### Brief
Could you please output all of the records exactly?

### Listed entries
lemma tri_integral_eq_moment:
  fixes b T :: real
  assumes b: "b > -1"
  shows "tri_integral b T = (\<integral>z. indicator {0<..T} z * (z powr (2*b+1) * beta_laplace b z) \<partial>lborel)"
proof -
  define S where "S = {(x::real, z::real). 0 \<le> x \<and> x \<le> z \<and> z \<le> T}"
  define f where "f = (\<lambda>(x::real, z::real). exp (x - z) * x powr b * z powr b)"
  have "S = {p\<in>space (lborel \<Otimes>\<^sub>M lborel). 0 \<le> fst p \<and> fst p \<le> snd p \<and> snd p \<le> T}"
    by (auto simp: S_def space_pair_measure)
  also have "\<dots> \<in> sets (lborel \<Otimes>\<^sub>M lborel)" by measurable
  finally have Sm: "S \<in> sets (lborel \<Otimes>\<^sub>M lborel)" .
  have fibre: "(\<integral>\<^sup>+x. ennreal (indicator S (x,z) * f (x,z)) \<partial>lborel) =
      ennreal (indicator {0<..T} z * (z powr (2*b+1) * beta_laplace b z))" for z
  proof (cases "0 < z \<and> z \<le> T")
    case True
    then have "(\<lambda>x. ennreal (indicator S (x,z) * f (x,z))) =
        (\<lambda>x. ennreal (indicator {0..z} x * (exp (x - z) * x powr b * z powr b)))"
      by (auto simp: S_def f_def indicator_def fun_eq_iff)
    then show ?thesis using nn_integral_triangle_fibre[OF b, of z] True by simp
  next
    case False
    then have "(\<lambda>x. ennreal (indicator S (x,z) * f (x,z))) = (\<lambda>x. 0)"
      by (auto simp: S_def f_def indicator_def fun_eq_iff)
    then show ?thesis using False by simp
  qed
  have "tri_integral b T = (\<integral>p. indicator S p * f p \<partial>(lborel \<Otimes>\<^sub>M lborel))"
    unfolding tri_integral_def set_lebesgue_integral_def S_def f_def by (simp add: lborel_prod)
  also have "\<dots> = enn2real (\<integral>\<^sup>+p. ennreal (indicator S p * f p) \<partial>(lborel \<Otimes>\<^sub>M lborel))"
    by (rule integral_eq_nn_integral) (use Sm in \<open>auto simp: f_def intro!: AE_I2\<close>)
  also have "(\<integral>\<^sup>+p. ennreal (indicator S p * f p) \<partial>(lborel \<Otimes>\<^sub>M lborel)) =
      (\<integral>\<^sup>+z. \<integral>\<^sup>+x. ennreal (indicator S (x,z) * f (x,z)) \<partial>lborel \<partial>lborel)"
    by (rule lborel_pair.nn_integral_snd[symmetric]) (use Sm in \<open>simp add: f_def\<close>)
  also have "enn2real \<dots> = (\<integral>z. indicator {0<..T} z * (z powr (2*b+1) * beta_laplace b z) \<partial>lborel)"
    unfolding fibre
    by (rule integral_eq_nn_integral[symmetric])
       (auto intro!: AE_I2 beta_laplace_nonneg mult_nonneg_nonneg)
  finally show ?thesis .
qed

lemma beta_laplace_0:
  fixes z :: real
  assumes z: "z > 0"
  shows "beta_laplace 0 z = (1 - exp (-z)) / z"
proof -
  have "((\<lambda>t. exp (-(z*t))) has_integral (- exp (-(z*1)) / z) - (- exp (-(z*0)) / z)) {0..1}"
    by (rule fundamental_theorem_of_calculus)
       (use z in \<open>auto intro!: derivative_eq_intros simp flip: has_real_derivative_iff_has_vector_derivative\<close>)
  then have "((\<lambda>t. exp (-(z*t))) has_integral (1 - exp (-z)) / z) (cbox 0 1)"
    by (simp add: diff_divide_distrib)
  then have "((\<lambda>t. exp (-(z*t)) * beta_weight 0 t) has_integral (1 - exp (-z)) / z) (cbox 0 1)"
    by (rule has_integral_spike_interior) (auto simp: beta_weight_def)
  moreover have "beta_laplace 0 z = integral {0..1} (\<lambda>t. exp (-(z*t)) * beta_weight 0 t)"
    unfolding beta_laplace_def
    by (rule integral_lborel_eq_integral_Icc[OF integrable_Laplace_beta_weight])
       (use z in \<open>auto simp: beta_weight_def\<close>)
  ultimately show ?thesis by (simp add: integral_unique)
qed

### Solution to this problem
lemma tri_integral_eq_moment:
  fixes b T :: real
  assumes b: "b > -1"
  shows "tri_integral b T = (\<integral>z. indicator {0<..T} z * (z powr (2*b+1) * beta_laplace b z) \<partial>lborel)"
proof -
  define S where "S = {(x::real, z::real). 0 \<le> x \<and> x \<le> z \<and> z \<le> T}"
  define f where "f = (\<lambda>(x::real, z::real). exp (x - z) * x powr b * z powr b)"
  have "S = {p\<in>space (lborel \<Otimes>\<^sub>M lborel). 0 \<le> fst p \<and> fst p \<le> snd p \<and> snd p \<le> T}"
    by (auto simp: S_def space_pair_measure)
  also have "\<dots> \<in> sets (lborel \<Otimes>\<^sub>M lborel)" by measurable
  finally have Sm: "S \<in> sets (lborel \<Otimes>\<^sub>M lborel)" .
  have fibre: "(\<integral>\<^sup>+x. ennreal (indicator S (x,z) * f (x,z)) \<partial>lborel) =
      ennreal (indicator {0<..T} z * (z powr (2*b+1) * beta_laplace b z))" for z
  proof (cases "0 < z \<and> z \<le> T")
    case True
    then have "(\<lambda>x. ennreal (indicator S (x,z) * f (x,z))) =
        (\<lambda>x. ennreal (indicator {0..z} x * (exp (x - z) * x powr b * z powr b)))"
      by (auto simp: S_def f_def indicator_def fun_eq_iff)
    then show ?thesis using nn_integral_triangle_fibre[OF b, of z] True by simp
  next
    case False
    then have "(\<lambda>x. ennreal (indicator S (x,z) * f (x,z))) = (\<lambda>x. 0)"
      by (auto simp: S_def f_def indicator_def fun_eq_iff)
    then show ?thesis using False by simp
  qed
  have "tri_integral b T = (\<integral>p. indicator S p * f p \<partial>(lborel \<Otimes>\<^sub>M lborel))"
    unfolding tri_integral_def set_lebesgue_integral_def S_def f_def by (simp add: lborel_prod)
  also have "\<dots> = enn2real (\<integral>\<^sup>+p. ennreal (indicator S p * f p) \<partial>(lborel \<Otimes>\<^sub>M lborel))"
    by (rule integral_eq_nn_integral) (use Sm in \<open>auto simp: f_def intro!: AE_I2\<close>)
  also have "(\<integral>\<^sup>+p. ennreal (indicator S p * f p) \<partial>(lborel \<Otimes>\<^sub>M lborel)) =
      (\<integral>\<^sup>+z. \<integral>\<^sup>+x. ennreal (indicator S (x,z) * f (x,z)) \<partial>lborel \<partial>lborel)"
    by (rule lborel_pair.nn_integral_snd[symmetric]) (use Sm in \<open>simp add: f_def\<close>)
  also have "enn2real \<dots> = (\<integral>z. indicator {0<..T} z * (z powr (2*b+1) * beta_laplace b z) \<partial>lborel)"
    unfolding fibre
    by (rule integral_eq_nn_integral[symmetric])
       (auto intro!: AE_I2 beta_laplace_nonneg mult_nonneg_nonneg)
  finally show ?thesis .
qed

lemma beta_laplace_0:
  fixes z :: real
  assumes z: "z > 0"
  shows "beta_laplace 0 z = (1 - exp (-z)) / z"
proof -
  have "((\<lambda>t. exp (-(z*t))) has_integral (- exp (-(z*1)) / z) - (- exp (-(z*0)) / z)) {0..1}"
    by (rule fundamental_theorem_of_calculus)
       (use z in \<open>auto intro!: derivative_eq_intros simp flip: has_real_derivative_iff_has_vector_derivative\<close>)
  then have "((\<lambda>t. exp (-(z*t))) has_integral (1 - exp (-z)) / z) (cbox 0 1)"
    by (simp add: diff_divide_distrib)
  then have "((\<lambda>t. exp (-(z*t)) * beta_weight 0 t) has_integral (1 - exp (-z)) / z) (cbox 0 1)"
    by (rule has_integral_spike_interior) (auto simp: beta_weight_def)
  moreover have "beta_laplace 0 z = integral {0..1} (\<lambda>t. exp (-(z*t)) * beta_weight 0 t)"
    unfolding beta_laplace_def
    by (rule integral_lborel_eq_integral_Icc[OF integrable_Laplace_beta_weight])
       (use z in \<open>auto simp: beta_weight_def\<close>)
  ultimately show ?thesis by (simp add: integral_unique)
qed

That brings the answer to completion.